In this post I will be looking at writing a simple loop in assembly, for the gas compiler on x86_64, that prints the numbers 1 – 30, formatted as follows:
Loop: 1 Loop: 2 Loop: 3 ... (Lines removed to save space) ... Loop: 28 Loop: 29 Loop: 30
This started out as a group task in class and I expanded on it later on my own. I have two different solutions to the problem, one is much shorter but was more challenging to write. The first solution can be here, loopnozero.docx. If you look at the comments you’ll notice that I decided to print each part (‘Loop:’, number, line break). This was not the most efficient or smallest code I could have written. I was constrained by the time limit set by the end of class so I chose this method because it was faster and didn’t involve any commands not included in the lab guidelines.

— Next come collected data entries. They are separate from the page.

lemma strict_mono_on_fun_upd_adjacent:
  assumes R: "strict_mono_on {..<r} R" and p: "p < r" "R p = i"
    and adj: "i' = Suc i \<or> i = Suc i'" and i': "i' \<notin> R ` {..<r}"
  shows "strict_mono_on {..<r} (R(p := i'))"
proof (rule strict_mono_onI)
  fix a b assume ab: "a \<in> {..<r}" "b \<in> {..<r}" "a < b"
  with i' have "R a \<noteq> i'" "R b \<noteq> i'" by auto
  moreover have "R a < R b" using strict_mono_onD[OF R ab] .
  moreover have "R a < R p" if "a \<noteq> p" "b = p" using strict_mono_onD[OF R] ab that by blast
  moreover have "R p < R b" if "a = p" using strict_mono_onD[OF R] ab that p by blast
  ultimately show "(R(p := i')) a < (R(p := i')) b"
    using ab p adj by (cases "a = p"; cases "b = p") auto
qed

lemma comm_ring_hom_map_poly: "comm_ring_hom h \<Longrightarrow> comm_ring_hom (map_poly h)"
proof -
  assume "comm_ring_hom h"
  then interpret map_poly_comm_ring_hom h by (simp add: map_poly_comm_ring_hom_def)
  show ?thesis by (rule comm_ring_hom_axioms)
qed

lemma hom_det_rows:
  assumes "comm_ring_hom \<phi>"
  shows "\<phi> (det_rows r F R) = det (mat r r (\<lambda>(a, b). \<phi> (F (R a) b)))"
  unfolding det_rows_def comm_ring_hom.hom_det[OF assms, symmetric] map_mat_mat
  by (simp add: case_prod_unfold)

lemma det_rows_fun_upd_adjacent:
  assumes R: "strict_mono_on {..<r} R" and p: "p < r" "R p = i" and adj: "i' = Suc i \<or> i = Suc i'"
  shows "det_rows r F (R(p := i')) = 0 \<or> strict_mono_on {..<r} (R(p := i'))"
proof (cases "i' \<in> R ` {..<r}")
  case True
  then obtain q where q: "q < r" "R q = i'" by auto
  with p adj have "q \<noteq> p" by auto
  have "det_rows r F (R(p := i')) = 0"
    unfolding det_rows_def by (rule det_identical_rows[of _ r q p]) (use p q \<open>q \<noteq> p\<close> in auto)
  then show ?thesis ..
next
  case False
  then show ?thesis using strict_mono_on_fun_upd_adjacent[OF R p adj] by blast
qed

lemma hom_det_rows_row_operation:
  fixes F :: "nat \<Rightarrow> nat \<Rightarrow> 'b::comm_ring_1" and \<Psi> h :: "'b \<Rightarrow> 'c::comm_ring_1"
  assumes \<Psi>: "comm_ring_hom \<Psi>" and h: "comm_ring_hom h"
    and entry: "\<And>u v. \<Psi> (F u v) = h (F u v) + (if u = i then c * h (F i' v) else 0)"
    and R: "strict_mono_on {..<r} R" and adj: "i' = Suc i \<or> i = Suc i'"
  obtains M where "\<Psi> (det_rows r F R) = h (det_rows r F R) + c * h M"
    and "M = 0 \<or> (\<exists>R'. strict_mono_on {..<r} R' \<and> R' ` {..<r} \<subseteq> insert i' (R ` {..<r}) \<and> M = det_rows r F R')"
proof -
  interpret h: comm_ring_hom h by (fact h)
  show ?thesis
  proof (cases "\<exists>p<r. R p = i")
    case False
    then have "\<Psi> (det_rows r F R) = h (det_rows r F R)"
      unfolding hom_det_rows[OF \<Psi>] hom_det_rows[OF h] entry
      by (intro arg_cong[where f = det] cong_mat) auto
    then show ?thesis by (intro that[of 0]) simp_all
  next
    case True
    then obtain p where p: "p < r" "R p = i" by blast
    have row_p: "R a = i \<longleftrightarrow> a = p" if "a < r" for a
      using strict_mono_on_imp_inj_on[OF R] p that unfolding inj_on_def by auto
    have "\<Psi> (det_rows r F R) =
        det (mat r r (\<lambda>(a, b). if a = p then h (F i b) + c * h (F i' b) else h (F (R a) b)))"
      unfolding hom_det_rows[OF \<Psi>] entry by (intro arg_cong[where f = det] cong_mat) (auto simp: row_p p)
    also have "\<dots> = det (mat r r (\<lambda>(a, b). if a = p then h (F i b) else h (F (R a) b)))
        + c * det (mat r r (\<lambda>(a, b). if a = p then h (F i' b) else h (F (R a) b)))"
      by (rule det_row_linear[OF p(1)])
    also have "det (mat r r (\<lambda>(a, b). if a = p then h (F i b) else h (F (R a) b))) = h (det_rows r F R)"
      unfolding hom_det_rows[OF h] by (intro arg_cong[where f = det] cong_mat) (auto simp: p)
    also have "det (mat r r (\<lambda>(a, b). if a = p then h (F i' b) else h (F (R a) b))) = h (det_rows r F (R(p := i')))"
      unfolding hom_det_rows[OF h] by (intro arg_cong[where f = det] cong_mat) auto
    finally have "\<Psi> (det_rows r F R) = h (det_rows r F R) + c * h (det_rows r F (R(p := i')))" .
    moreover have "R(p := i') ` {..<r} \<subseteq> insert i' (R ` {..<r})" by auto
    ultimately show ?thesis
      using det_rows_fun_upd_adjacent[OF R p adj, of F] by (intro that[of "det_rows r F (R(p := i'))"]) blast+
  qed
qed

lemma coeff_hom_coeff_det_rows:
  fixes F :: "nat \<Rightarrow> nat \<Rightarrow> 'b::comm_ring_1 poly" and \<Phi> :: "'b \<Rightarrow> 'b poly"
  assumes \<Phi>: "comm_ring_hom \<Phi>"
    and entry: "\<And>u v l. \<Phi> (coeff (F u v) l) = [:coeff (F u v) l, if u = i then coeff (F i' v) l else 0:]"
    and R: "strict_mono_on {..<r} R" and adj: "i' = Suc i \<or> i = Suc i'"
  obtains "coeff (\<Phi> (coeff (det_rows r F R) l)) e = 0"
    | R' where "strict_mono_on {..<r} R'" "R' ` {..<r} \<subseteq> insert i' (R ` {..<r})"
      "coeff (\<Phi> (coeff (det_rows r F R) l)) e = coeff (det_rows r F R') l"
proof -
  let ?lift = "map_poly (\<lambda>q. [:q:]) :: 'b poly \<Rightarrow> 'b poly poly"
  let ?c = "[:[:0, 1:]:] :: 'b poly poly"
  interpret \<Phi>: comm_ring_hom \<Phi> by (fact \<Phi>)
  have "comm_ring_hom (\<lambda>q::'b. [:q:])" by unfold_locales (auto simp: one_pCons)
  then have lift: "comm_ring_hom ?lift" by (rule comm_ring_hom_map_poly)
  have "map_poly \<Phi> (F u v) = ?lift (F u v) + (if u = i then ?c * ?lift (F i' v) else 0)" for u v
    by (rule poly_eqI) (simp add: coeff_map_poly entry)
  then obtain M where M: "map_poly \<Phi> (det_rows r F R) = ?lift (det_rows r F R) + ?c * ?lift M"
    and M_cases: "M = 0 \<or> (\<exists>R'. strict_mono_on {..<r} R' \<and> R' ` {..<r} \<subseteq> insert i' (R ` {..<r}) \<and> M = det_rows r F R')"
    using hom_det_rows_row_operation[OF comm_ring_hom_map_poly[OF \<Phi>] lift _ R adj] by blast
  have "coeff (\<Phi> (coeff (det_rows r F R) l)) e = coeff (coeff (map_poly \<Phi> (det_rows r F R)) l) e"
    by (simp add: coeff_map_poly)
  also have "\<dots> = (if e = 0 then coeff (det_rows r F R) l else if e = 1 then coeff M l else 0)"
    unfolding M by (auto simp: coeff_pCons coeff_map_poly split: nat.splits)
  finally have coeff_eq: "coeff (\<Phi> (coeff (det_rows r F R) l)) e =
    (if e = 0 then coeff (det_rows r F R) l else if e = 1 then coeff M l else 0)" .
  consider "e = 0" | "e = 1" "M = 0" | R' where "e = 1" "strict_mono_on {..<r} R'"
      "R' ` {..<r} \<subseteq> insert i' (R ` {..<r})" "M = det_rows r F R'" | "e > 1"
    using M_cases by (cases "e = 0 \<or> e = 1") auto
  then show thesis
  proof cases
    case 1
    then show thesis using coeff_eq by (intro that(2)[OF R]) auto
  next
    case (3 R')
    then show thesis using coeff_eq by (intro that(2)[of R']) auto
  qed (use coeff_eq that(1) in auto)
qed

The next part of the lab was to write the same program but on the AArch64 system. Because I was going to have to rewrite it I decided to modify my program on the x86_64 platform to be shorter and more efficient so that it would be less work to port over. The short version (47 lines instead of the original 82), loopshort.docx, is the one that I will be looking at in detail.
Assembly on x86_64
The first section of the loopShort.s file tell the compiler that this code goes in the .text section and declares _start which is the equivalent of
int main() in C. the first line of start just moves the number 1 into the register that I used for the loop index.
.text .globl _start _start: mov $1,%r15 /* loop index */
The next block of code starts with the label that marks the top of the main loop.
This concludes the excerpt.